Using the CS744 and ONH836 Elemental Analyzers, the LECO center (LECO European Application and Technology Center, 10589 Berlin, Germany) measured the carbon, sulfur, nitrogen, and oxygen content of the samples. The entire measurements were repeated thrice (n = 3); approximately 1 g was the typical sample mass.

Photography of the CS744 analyzer.

Figure 4. Photography of the CS744 analyzer.

Photography of the ONH836 analyzer.

Figure 5. Photography of the ONH836 analyzer.

Experimental Results

The below figures show the oxygen/nitrogen content and carbon/sulfur content measured for the recycled and virgin stainless-steel powders. Also shown is the standard deviation.

Carbon and sulfur content of the virgin SS 316L powder—CS744 analysis.

Figure 6. Carbon and sulfur content of the virgin SS 316L powder—CS744 analysis.

Carbon and sulfur content of the used SS 316L powder—CS744 analysis.

Figure 7. Carbon and sulfur content of the used SS 316L powder—CS744 analysis.

Oxygen and nitrogen content of the virgin SS 316L powder—ONH836 analysis.

Figure 8. Oxygen and nitrogen content of the virgin SS 316L powder—ONH836 analysis.
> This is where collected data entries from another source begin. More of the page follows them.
lemma P_one_minus_of_nat_power:
  fixes b :: "nat \<Rightarrow> real"
  assumes b0: "b 0 > 0"
  shows "P n (1 - real k) b = (Abs_fps b * inverse (Abs_fps b) ^ k) $ n"
proof (rule P_eq_fps_nth)
  define B where "B = Abs_fps b"
  have B0: "B $ 0 \<noteq> 0" using b0 by (simp add: B_def)
  have deriv_inverse: "B * fps_deriv (inverse B) = - fps_deriv B * inverse B"
    using fps_inverse_deriv[OF B0] inverse_mult_eq_1'[OF B0] by (simp add: power2_eq_square algebra_simps)
  have "B * fps_deriv (B * inverse B ^ k) = fps_const (1 - real k) * fps_deriv B * (B * inverse B ^ k)"
  proof (induction k)
    case 0
    then show ?case by (simp add: mult.commute)
  next
    case (Suc k)
    have "B * fps_deriv (B * inverse B ^ Suc k)
        = B * fps_deriv (B * inverse B ^ k) * inverse B + (B * inverse B ^ k) * (B * fps_deriv (inverse B))"
      by (simp add: fps_deriv_mult algebra_simps)
    also have "\<dots> = (fps_const (1 - real k) - 1) * fps_deriv B * (B * inverse B ^ Suc k)"
      unfolding Suc.IH deriv_inverse by (simp add: algebra_simps)
    also have "fps_const (1 - real k) - 1 = fps_const (1 - real (Suc k))"
      by (simp flip: fps_const_1_eq_1)
    finally show ?case .
  qed
  then show "Abs_fps b * fps_deriv (Abs_fps b * inverse (Abs_fps b) ^ k)
      = fps_const (1 - real k) * fps_deriv (Abs_fps b) * (Abs_fps b * inverse (Abs_fps b) ^ k)"
    by (simp add: B_def)
  show "(Abs_fps b * inverse (Abs_fps b) ^ k) $ 0 = b 0 powr (1 - real k)"
    using b0 by (simp add: fps_nth_power_0 powr_diff powr_realpow power_inverse divide_inverse)
qed (use b0 in simp)

lemma P_convolution:
  fixes b c :: "nat \<Rightarrow> real"
  assumes "b 0 > 0" "c 0 > 0"
  shows "(Abs_fps b ^ (2 * k) * (Abs_fps c * inverse (Abs_fps c) ^ (2 * k))) $ n
      = (\<Sum>l=0..n. P l (2 * real k) b * P (n - l) (1 - 2 * real k) c)"
  unfolding fps_mult_nth[of "Abs_fps b ^ (2 * k)"]
  using P_of_nat_power[of b, OF assms(1), of _ "2 * k"] P_one_minus_of_nat_power[of c, OF assms(2), of _ "2 * k"]
  by simp

lemma fps_compose_X_squared_nth [simp]:
  "(F oo fps_X ^ 2) $ n = (if even n then F $ (n div 2) else (0 :: 'a :: comm_ring_1))"
proof -
  have "(F oo fps_X ^ 2) $ n = (\<Sum>i=0..n. if n = 2 * i then F $ i else 0)"
    by (auto simp: fps_compose_nth power_mult[symmetric] mult.commute[of 2] intro!: sum.cong)
  then show ?thesis by (cases "even n") (auto elim!: evenE intro!: sum.neutral)
qed

lemma fps_compose_uminus_X_nth [simp]:
  "(F oo - fps_X) $ n = (-1) ^ n * (F $ n :: 'a :: comm_ring_1)"
  by (simp add: fps_compose_uminus')

lemma eventually_at_right_0_less:
  "e > 0 \<Longrightarrow> eventually (\<lambda>v::real. 0 < v \<and> v < e) (at_right 0)"
  unfolding eventually_at_right_field by auto

lemma tendsto_imp_bigo_1: "(f \<longlongrightarrow> c) F \<Longrightarrow> (f :: 'a \<Rightarrow> real) \<in> O[F](\<lambda>_. 1)"
  by (rule bigoI_tendsto[where c = c]) auto

lemma power_smallo_power_at_right_0:
  assumes "J < k"
  shows "(\<lambda>v::real. v ^ k) \<in> o[at_right 0](\<lambda>v. v ^ J)"
proof -
  have "(\<lambda>v::real. v ^ (k - J)) \<in> o[at_right 0](\<lambda>_. 1)"
    using assms by (intro smalloI_tendsto) (auto intro!: tendsto_eq_intros)
  then have "(\<lambda>v::real. v ^ (k - J) * v ^ J) \<in> o[at_right 0](\<lambda>v. 1 * v ^ J)"
    by (rule landau_o.small_big_mult) simp
  then show ?thesis
    using assms by (simp flip: power_add)
qed

lemma power_bigo_power_at_right_0:
  assumes "J \<le> k"
  shows "(\<lambda>v::real. v ^ k) \<in> O[at_right 0](\<lambda>v. v ^ J)"
proof (rule bigoI)
  show "eventually (\<lambda>v::real. norm (v ^ k) \<le> 1 * norm (v ^ J)) (at_right 0)"
    using eventually_at_right_0_less[OF zero_less_one]
    by eventually_elim (use assms in \<open>simp add: power_decreasing abs_of_pos\<close>)
qed

lemma poly_smallo_power_at_right_0:
  assumes "\<And>n. n \<le> J \<Longrightarrow> coeff p n = 0"
  shows "(\<lambda>v::real. poly p v) \<in> o[at_right 0](\<lambda>v. v ^ J)"
  unfolding poly_altdef
proof (rule big_sum_in_smallo)
  fix i
  show "(\<lambda>v. coeff p i * v ^ i) \<in> o[at_right 0](\<lambda>v. v ^ J)"
    using assms[of i] power_smallo_power_at_right_0[of J i] by (cases "i \<le> J") auto
qed

lemma poly_smallo_power_at_right_0_iff:
  "(\<lambda>v::real. poly p v) \<in> o[at_right 0](\<lambda>v. v ^ J) \<longleftrightarrow> (\<forall>n\<le>J. coeff p n = 0)"
proof (intro iffI allI impI)
  fix n
  assume small: "(\<lambda>v. poly p v) \<in> o[at_right 0](\<lambda>v. v ^ J)" and "n \<le> J"
  from \<open>n \<le> J\<close> show "coeff p n = 0"
  proof (induction n rule: less_induct)
    case (less n)
    have "(\<lambda>v. poly (p - monom (coeff p n) n) v) \<in> o[at_right 0](\<lambda>v. v ^ n)"
      using less by (intro poly_smallo_power_at_right_0) (auto simp: coeff_monom)
    moreover have "(\<lambda>v. poly p v) \<in> o[at_right 0](\<lambda>v. v ^ n)"
      using landau_o.small_big_trans[OF small power_bigo_power_at_right_0[OF less.prems]] .
    ultimately have "(\<lambda>v. poly p v - poly (p - monom (coeff p n) n) v) \<in> o[at_right 0](\<lambda>v. v ^ n)"
      by (intro sum_in_smallo)
    then have "(\<lambda>v. coeff p n * v ^ n) \<in> o[at_right 0](\<lambda>v. v ^ n)"
      by (simp add: poly_monom)
    moreover have "\<not> eventually (\<lambda>v::real. v ^ n = 0) (at_right 0)"
    proof
      assume "eventually (\<lambda>v::real. v ^ n = 0) (at_right 0)"
      with eventually_at_right_0_less[OF zero_less_one]
      have "eventually (\<lambda>v::real. False) (at_right 0)"
        by eventually_elim simp
      then show False
        by (simp add: trivial_limit_at_right_real)
    qed
    ultimately show ?case
      by (auto simp: landau_o.small_refl_iff)
  qed
qed (rule poly_smallo_power_at_right_0, simp)

lemma poly_truncate_fps_Suc:
  fixes F :: "real fps"
  shows "poly (truncate_fps (Suc n) F) v = (\<Sum>j\<le>n. F $ j * v ^ j)"
proof -
  have "truncate_fps (Suc n) F = (\<Sum>j\<le>n. monom (F $ j) j)"
    by (rule poly_eqI) (simp add: coeff_sum coeff_truncate_fps)
  then show ?thesis by (simp add: poly_sum poly_monom)
qed

definition fps_approx :: "nat \<Rightarrow> (real \<Rightarrow> real) \<Rightarrow> real fps \<Rightarrow> bool" where
  "fps_approx n f F \<longleftrightarrow> (\<lambda>v. f v - poly (truncate_fps (Suc n) F) v) \<in> o[at_right 0](\<lambda>v. v ^ n)"

lemma fps_approx_cong:
  assumes "fps_approx n f F" "eventually (\<lambda>v. f v = g v) (at_right 0)"
    and "\<And>j. j \<le> n \<Longrightarrow> F $ j = G $ j"
  shows "fps_approx n g G"
proof -
  have "truncate_fps (Suc n) F = truncate_fps (Suc n) G"
    using assms(3) by (intro poly_eqI) (simp add: coeff_truncate_fps)
  moreover have "eventually (\<lambda>v. f v - poly (truncate_fps (Suc n) F) v
      = g v - poly (truncate_fps (Suc n) F) v) (at_right 0)"
    using assms(2) by eventually_elim simp
  ultimately show ?thesis
    using assms(1) landau_o.small.in_cong unfolding fps_approx_def by fastforce
qed

lemma fps_approx_eqI:
  "fps_approx n f F \<Longrightarrow> (\<And>v. f v = g v) \<Longrightarrow> F = G \<Longrightarrow> fps_approx n g G"
  by (metis ext)

lemma fps_approx_smallo_diff:
  assumes "fps_approx n g F" "(\<lambda>v. f v - g v) \<in> o[at_right 0](\<lambda>v. v ^ n)"
  shows "fps_approx n f F"
  using sum_in_smallo(1)[OF assms(2) assms(1)[unfolded fps_approx_def]]
  by (simp add: fps_approx_def)

lemma fps_approx_unique:
  assumes "fps_approx n f F" "fps_approx n f G" "j \<le> n"
  shows "F $ j = G $ j"
proof -
  have "(\<lambda>v. poly (truncate_fps (Suc n) G - truncate_fps (Suc n) F) v) \<in> o[at_right 0](\<lambda>v. v ^ n)"
    using sum_in_smallo(2)[OF assms(1,2)[unfolded fps_approx_def]] by simp
  then have "coeff (truncate_fps (Suc n) G - truncate_fps (Suc n) F) j = 0"
    using assms(3) by (simp only: poly_smallo_power_at_right_0_iff)
  then show ?thesis
    using assms(3) by (simp add: coeff_truncate_fps)
qed

lemma fps_approx_tendsto:
  assumes "fps_approx n f F"
  shows "(f \<longlongrightarrow> F $ 0) (at_right 0)"
proof -
  have "(\<lambda>v. f v - poly (truncate_fps (Suc n) F) v) \<in> o[at_right 0](\<lambda>_. 1)"
    using assms landau_o.small_big_trans power_bigo_power_at_right_0[of 0 n]
    unfolding fps_approx_def by fastforce
  then have "((\<lambda>v. (f v - poly (truncate_fps (Suc n) F) v) + poly (truncate_fps (Suc n) F) v)
      \<longlongrightarrow> 0 + poly (truncate_fps (Suc n) F) 0) (at_right 0)"
    by (intro tendsto_add tendsto_poly tendsto_ident_at) (use smalloD_tendsto in fastforce)
  then show ?thesis
    by (simp add: poly_0_coeff_0)
qed

lemma fps_approx_bigo_1:
  "fps_approx n f F \<Longrightarrow> f \<in> O[at_right 0](\<lambda>_. 1)"
  by (rule tendsto_imp_bigo_1) (rule fps_approx_tendsto)

lemma truncate_fps_Suc_const: "truncate_fps (Suc n) (fps_const c) = [:c:]"
  by (rule poly_eqI) (simp add: coeff_truncate_fps coeff_pCons split: nat.split)

lemma fps_approx_const: "fps_approx n (\<lambda>_. c) (fps_const c)"
  by (simp add: fps_approx_def truncate_fps_Suc_const)

lemma fps_approx_X: "fps_approx n (\<lambda>v. v) fps_X"
proof (cases n)
  case 0
  have "(\<lambda>v::real. v) \<in> o[at_right 0](\<lambda>_. 1)"
    by (rule smalloI_tendsto) (auto intro: tendsto_ident_at)
  then show ?thesis using 0 by (simp add: fps_approx_def poly_truncate_fps_Suc)
next
  case (Suc m)
  have "truncate_fps (Suc n) (fps_X :: real fps) = [:0, 1:]"
    using Suc by (intro poly_eqI) (auto simp: coeff_truncate_fps coeff_pCons split: nat.split)
  then show ?thesis by (simp add: fps_approx_def)
qed

lemma fps_approx_add:
  "fps_approx n f F \<Longrightarrow> fps_approx n g G \<Longrightarrow> fps_approx n (\<lambda>v. f v + g v) (F + G)"
  using sum_in_smallo(1) unfolding fps_approx_def by (fastforce simp: truncate_fps_add algebra_simps)

lemma fps_approx_diff:
  "fps_approx n f F \<Longrightarrow> fps_approx n g G \<Longrightarrow> fps_approx n (\<lambda>v. f v - g v) (F - G)"
  using sum_in_smallo(2) unfolding fps_approx_def by (fastforce simp: truncate_fps_diff algebra_simps)

lemma fps_approx_mult:
  assumes f: "fps_approx n f F" and g: "fps_approx n g G"
  shows "fps_approx n (\<lambda>v. f v * g v) (F * G)"
proof -
  define p q where "p = truncate_fps (Suc n) F" and "q = truncate_fps (Suc n) G"
  have "(\<lambda>v. (f v - poly p v) * g v) \<in> o[at_right 0](\<lambda>v. v ^ n)"
    using landau_o.small_big_mult[OF f[unfolded fps_approx_def, folded p_def] fps_approx_bigo_1[OF g]]
    by simp
  moreover have "(\<lambda>v. (g v - poly q v) * poly p v) \<in> o[at_right 0](\<lambda>v. v ^ n)"
    using landau_o.small_big_mult[OF g[unfolded fps_approx_def, folded q_def]
        tendsto_imp_bigo_1[OF tendsto_poly[OF tendsto_ident_at, of p 0 "{0<..}"]]]
    by simp
  moreover have "(\<lambda>v. poly (p * q - truncate_fps (Suc n) (F * G)) v) \<in> o[at_right 0](\<lambda>v. v ^ n)"
  proof (rule poly_smallo_power_at_right_0)
    fix j assume "j \<le> n"
    then have "coeff (p * q) j = (F * G) $ j"
      by (auto simp: coeff_mult p_def q_def coeff_truncate_fps fps_mult_nth atLeast0AtMost intro!: sum.cong)
    then show "coeff (p * q - truncate_fps (Suc n) (F * G)) j = 0"
      using \<open>j \<le> n\<close> by (simp add: coeff_truncate_fps)
  qed
  ultimately have "(\<lambda>v. (f v - poly p v) * g v + (g v - poly q v) * poly p v
      + poly (p * q - truncate_fps (Suc n) (F * G)) v) \<in> o[at_right 0](\<lambda>v. v ^ n)"
    by (intro sum_in_smallo)
  then show ?thesis
    by (simp add: fps_approx_def algebra_simps)
qed

lemma fps_approx_cmult:
  "fps_approx n f F \<Longrightarrow> fps_approx n (\<lambda>v. c * f v) (fps_const c * F)"
  using fps_approx_mult[OF fps_approx_const] by blast

lemma fps_approx_power:
  "fps_approx n f F \<Longrightarrow> fps_approx n (\<lambda>v. f v ^ k) (F ^ k)"
  by (induction k) (simp_all add: fps_approx_mult fps_approx_const[of n 1, simplified])

lemma fps_approx_sum:
  "(\<And>k. k \<in> A \<Longrightarrow> fps_approx n (f k) (F k)) \<Longrightarrow> fps_approx n (\<lambda>v. \<Sum>k\<in>A. f k v) (\<Sum>k\<in>A. F k)"
proof (induction A rule: infinite_finite_induct)
  case (infinite A)
  then show ?case using fps_approx_const[of n 0] by simp
next
  case empty
  then show ?case using fps_approx_const[of n 0] by simp
next
  case (insert x A)
  then show ?case by (simp add: fps_approx_add)
qed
Oxygen and nitrogen content of the used SS 316L powder—ONH836 analysis.

Figure 9. Oxygen and nitrogen content of the used SS 316L powder—ONH836 analysis.

Discussion

The following table summarizes the LECO results.
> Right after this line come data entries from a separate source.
text \<open>Expand the \<open>\<beta>\<^sub>i\<close> in a basis \<open>X\<close> of \<open>m\<^sup>a / m\<^sup>a\<^sup>+\<^sup>1\<close>:
  \<open>\<Sum> \<beta>\<^sub>i T\<^sub>i \<equiv> \<Sum>\<^sub>\<mu> \<mu> Y\<^sub>\<mu>\<close> with \<open>Y\<^sub>\<mu> \<in> I(P)\<close>. Smallness of the sum and independence of \<open>X\<close>
  put all coefficients of \<open>Y\<^sub>\<mu>\<close> into \<open>m\<close>, and quasi-flatness of \<open>I(P)\<close> then gives \<open>Y\<^sub>\<mu> \<in> m I(P)\<close>.\<close>

lemma small_combination_mseries:
  assumes L: "finite L" and terms: "\<And>i. i \<in> L \<Longrightarrow> \<beta> i \<in> mpow m a \<and> T i \<in> P_sums"
    and small: "\<And>w. (\<Sum>i\<in>L. \<beta> i * T i w) \<in> mpow m (Suc a)"
  shows "mseries m (Suc a) P_sums (\<lambda>w. \<Sum>i\<in>L. \<beta> i * T i w)"
proof -
  have "\<exists>X \<epsilon> y. finite X \<and> X \<subseteq> mpow m a \<and> (\<forall>i\<in>L. \<epsilon> i \<in> mpow m (Suc a)) \<and>
    (\<forall>w. (\<Sum>i\<in>L. \<beta> i * T i w) = (\<Sum>i\<in>L. \<epsilon> i * T i w) + (\<Sum>\<mu>\<in>X. \<mu> * (\<Sum>i\<in>L. y i \<mu> * T i w))) \<and>
    (\<forall>\<mu>\<in>X. \<forall>w. (\<Sum>i\<in>L. y i \<mu> * T i w) \<in> m)"
    using deformation_base L terms small by (intro small_combination_decomposition) auto
  then obtain X \<epsilon> y where X: "finite X" "X \<subseteq> mpow m a" and \<epsilon>: "\<forall>i\<in>L. \<epsilon> i \<in> mpow m (Suc a)"
    and decomp: "\<forall>w. (\<Sum>i\<in>L. \<beta> i * T i w) = (\<Sum>i\<in>L. \<epsilon> i * T i w) + (\<Sum>\<mu>\<in>X. \<mu> * (\<Sum>i\<in>L. y i \<mu> * T i w))"
    and Y_m: "\<forall>\<mu>\<in>X. \<forall>w. (\<Sum>i\<in>L. y i \<mu> * T i w) \<in> m"
    by blast
  have "mseries m (Suc a) P_sums (\<lambda>w. \<Sum>i\<in>L. \<epsilon> i * T i w)"
    using L terms \<epsilon> by (intro mseries_sum mseries_single[where k="Suc a"]) auto
  moreover have "mseries m (Suc a) P_sums (\<lambda>w. \<mu> * (\<Sum>i\<in>L. y i \<mu> * T i w))" if \<mu>: "\<mu> \<in> X" for \<mu>
  proof -
    have "mseries m 0 P_sums (\<lambda>w. \<Sum>i\<in>L. y i \<mu> * T i w)"
      using L terms by (intro mseries_sum mseries_single[where k=0]) auto
    moreover have "(\<lambda>w. \<Sum>i\<in>L. y i \<mu> * T i w) \<in> mCQhat V A s t m"
    proof -
      have "T i w = 0" if "i \<in> L" "\<not> is_path V A s t w" for i w
        using terms[OF that(1)] Pideal_gen_eq_0_off_paths that(2) by blast
      then show ?thesis unfolding mCQhat_def using Y_m \<mu> by simp
    qed
    ultimately have "mseries m 1 P_sums (\<lambda>w. \<Sum>i\<in>L. y i \<mu> * T i w)" by (rule mseries_of_IP_mCQhat)
    then have "mseries m (1 + a) P_sums (\<lambda>w. \<mu> * (\<Sum>i\<in>L. y i \<mu> * T i w))"
      using X \<mu> by (intro mseries_scale) auto
    then show ?thesis by simp
  qed
  then have "mseries m (Suc a) P_sums (\<lambda>w. \<Sum>\<mu>\<in>X. \<mu> * (\<Sum>i\<in>L. y i \<mu> * T i w))"
    using X by (intro mseries_sum) auto
  ultimately have "mseries m (Suc a) P_sums
      (\<lambda>w. (\<Sum>i\<in>L. \<epsilon> i * T i w) + (\<Sum>\<mu>\<in>X. \<mu> * (\<Sum>i\<in>L. y i \<mu> * T i w)))"
    by (rule mseries_add)
  then show ?thesis using decomp by (simp only: fun_eq_iff[symmetric])
qed

text \<open>Let \<open>C\<close> be the \<open>\<sim>\<close>-closure of the finitely many paths at which \<open>z\<close> is nonzero modulo
  \<open>m\<^sup>a\<^sup>+\<^sup>1\<close>. Splitting the lowest terms \<open>Z\<^sub>i\<close> of \<open>z\<close> into heads and tails relative to \<open>C\<close>, the tails are
  small everywhere: on \<open>C\<close> because they vanish modulo \<open>m\<close> there, off \<open>C\<close> because \<open>z\<close> and the heads do.\<close>

lemma lowest_terms_head_split:
  assumes L: "finite L" and Z: "\<And>i. i \<in> L \<Longrightarrow> Z i \<in> P_sums" and \<beta>: "\<And>i. i \<in> L \<Longrightarrow> \<beta> i \<in> mpow m a"
    and z_cofinite: "mpow_cofinite m z"
    and rest: "\<And>w. z w - (\<Sum>i\<in>L. \<beta> i * Z i w) \<in> mpow m (Suc a)"
  shows "\<exists>H. (\<forall>i\<in>L. mseries m 0 P_monos (H i) \<and> mpow_cofinite m (H i) \<and> (\<lambda>w. Z i w - H i w) \<in> P_sums) \<and>
    (\<forall>w. (\<Sum>i\<in>L. \<beta> i * (Z i w - H i w)) \<in> mpow m (Suc a))"
proof -
  have "z w \<in> mpow m (Suc a)" if "\<not> is_path V A s t w" for w
  proof -
    have "Z i w = 0" if "i \<in> L" for i
      using Pideal_gen_eq_0_off_paths[OF Z[OF that]] \<open>\<not> is_path V A s t w\<close> by blast
    then show ?thesis using rest[of w] by simp
  qed
  then have "\<exists>C M. bounded_sim_closed C M \<and> (\<forall>w. w \<notin> C \<longrightarrow> z w \<in> mpow m (Suc a))"
    using z_cofinite by (intro bounded_sim_closed_support)
  then obtain C M where C: "bounded_sim_closed C M" and outside: "\<And>w. w \<notin> C \<Longrightarrow> z w \<in> mpow m (Suc a)"
    by blast
  define is_head where "is_head i H \<longleftrightarrow> mseries m 0 P_monos H \<and> mpow_cofinite m H \<and>
      (\<forall>w. w \<notin> C \<longrightarrow> H w \<in> m) \<and> (\<lambda>w. Z i w - H w) \<in> P_sums \<and> (\<forall>w\<in>C. Z i w - H w \<in> m)"
    for i H
  have "\<exists>H. is_head i H" if "i \<in> L" for i
    unfolding is_head_def using Z[OF that] C by (rule P_sums_head_split)
  then obtain H where "\<And>i. i \<in> L \<Longrightarrow> is_head i (H i)"
    using bchoice[of L is_head] by blast
  then have H: "\<forall>i\<in>L. mseries m 0 P_monos (H i) \<and> mpow_cofinite m (H i) \<and> (\<lambda>w. Z i w - H i w) \<in> P_sums"
    and H_outside: "\<And>i w. i \<in> L \<Longrightarrow> w \<notin> C \<Longrightarrow> H i w \<in> m"
    and tail_inside: "\<And>i w. i \<in> L \<Longrightarrow> w \<in> C \<Longrightarrow> Z i w - H i w \<in> m"
    unfolding is_head_def by blast+
  have "(\<Sum>i\<in>L. \<beta> i * (Z i w - H i w)) \<in> mpow m (Suc a)" for w
  proof (cases "w \<in> C")
    case True
    have "\<beta> i * (Z i w - H i w) \<in> mpow m (Suc a)" if "i \<in> L" for i
      using mpow_Suc_mult[OF tail_inside[OF that True] \<beta>[OF that]] by (simp add: mult.commute)
    then show ?thesis by (rule mpow_sum)
  next
    case False
    have "(\<Sum>i\<in>L. \<beta> i * Z i w) \<in> mpow m (Suc a)"
      using mpow_diff[OF outside[OF False] rest[of w]] by simp
    moreover have "\<beta> i * H i w \<in> mpow m (Suc a)" if "i \<in> L" for i
      using mpow_Suc_mult[OF H_outside[OF that False] \<beta>[OF that]] by (simp add: mult.commute)
    then have "(\<Sum>i\<in>L. \<beta> i * H i w) \<in> mpow m (Suc a)" by (rule mpow_sum)
    ultimately show ?thesis
      using mpow_diff by (simp add: right_diff_distrib sum_subtractf)
  qed
  with H show ?thesis by blast
qed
Table 1. Summary of the carbon/sulfur analysis for the virgin and used SS 316L powders

Sample Name Type of analysis Content ± σ (%)
SS 316L Virgin Powder Carbon content 0.01400 ± 0.00011
SS 316L Used Powder 0.01710 ± 0.00012
SS 316L Virgin Powder Sulfur content 0.00565 ± 0.00005
SS 316L Used Powder 0.00697 ± 0.00008
SS 316L Virgin Powder Oxygen content 0.0629 ± 0.0006
SS 316L Used Powder 0.0767 ± 0.0037
SS 316L Virgin Powder Nitrogen content 0.0563 ± 0.0001
SS 316L Used Powder 0.0709 ± 0.0030

The analysis of carbon and sulfur is quite interesting, emphasizing that the SLM process slightly alters the powders’ composition. It can be seen that the sulfur and carbon content is more significant for the used powder (S = 0.00697% and C = 0.017%) when compared to the virgin one (S = 0.00565% and C = 0.014%). Furthermore, the nitrogen and oxygen content of the used powder (N = 0.0709% and O = 0.0767%) is also more significant compared to the virgin one (N = 0.0563% and O = 0.0629%). These are interesting observations, and regardless of the fact that the SLM is performed under an inert atmosphere, powders oxidation cannot be prevented.

GranuCharge Analysis

Experimental Protocol

The powders’ triboelectric effect was analyzed using the GranuCharge instrument. For every experiment performed with the GranuCharge instrument, rotating feeder and aluminum/stainless-steel 316L pipes were used (cf. Figure 10).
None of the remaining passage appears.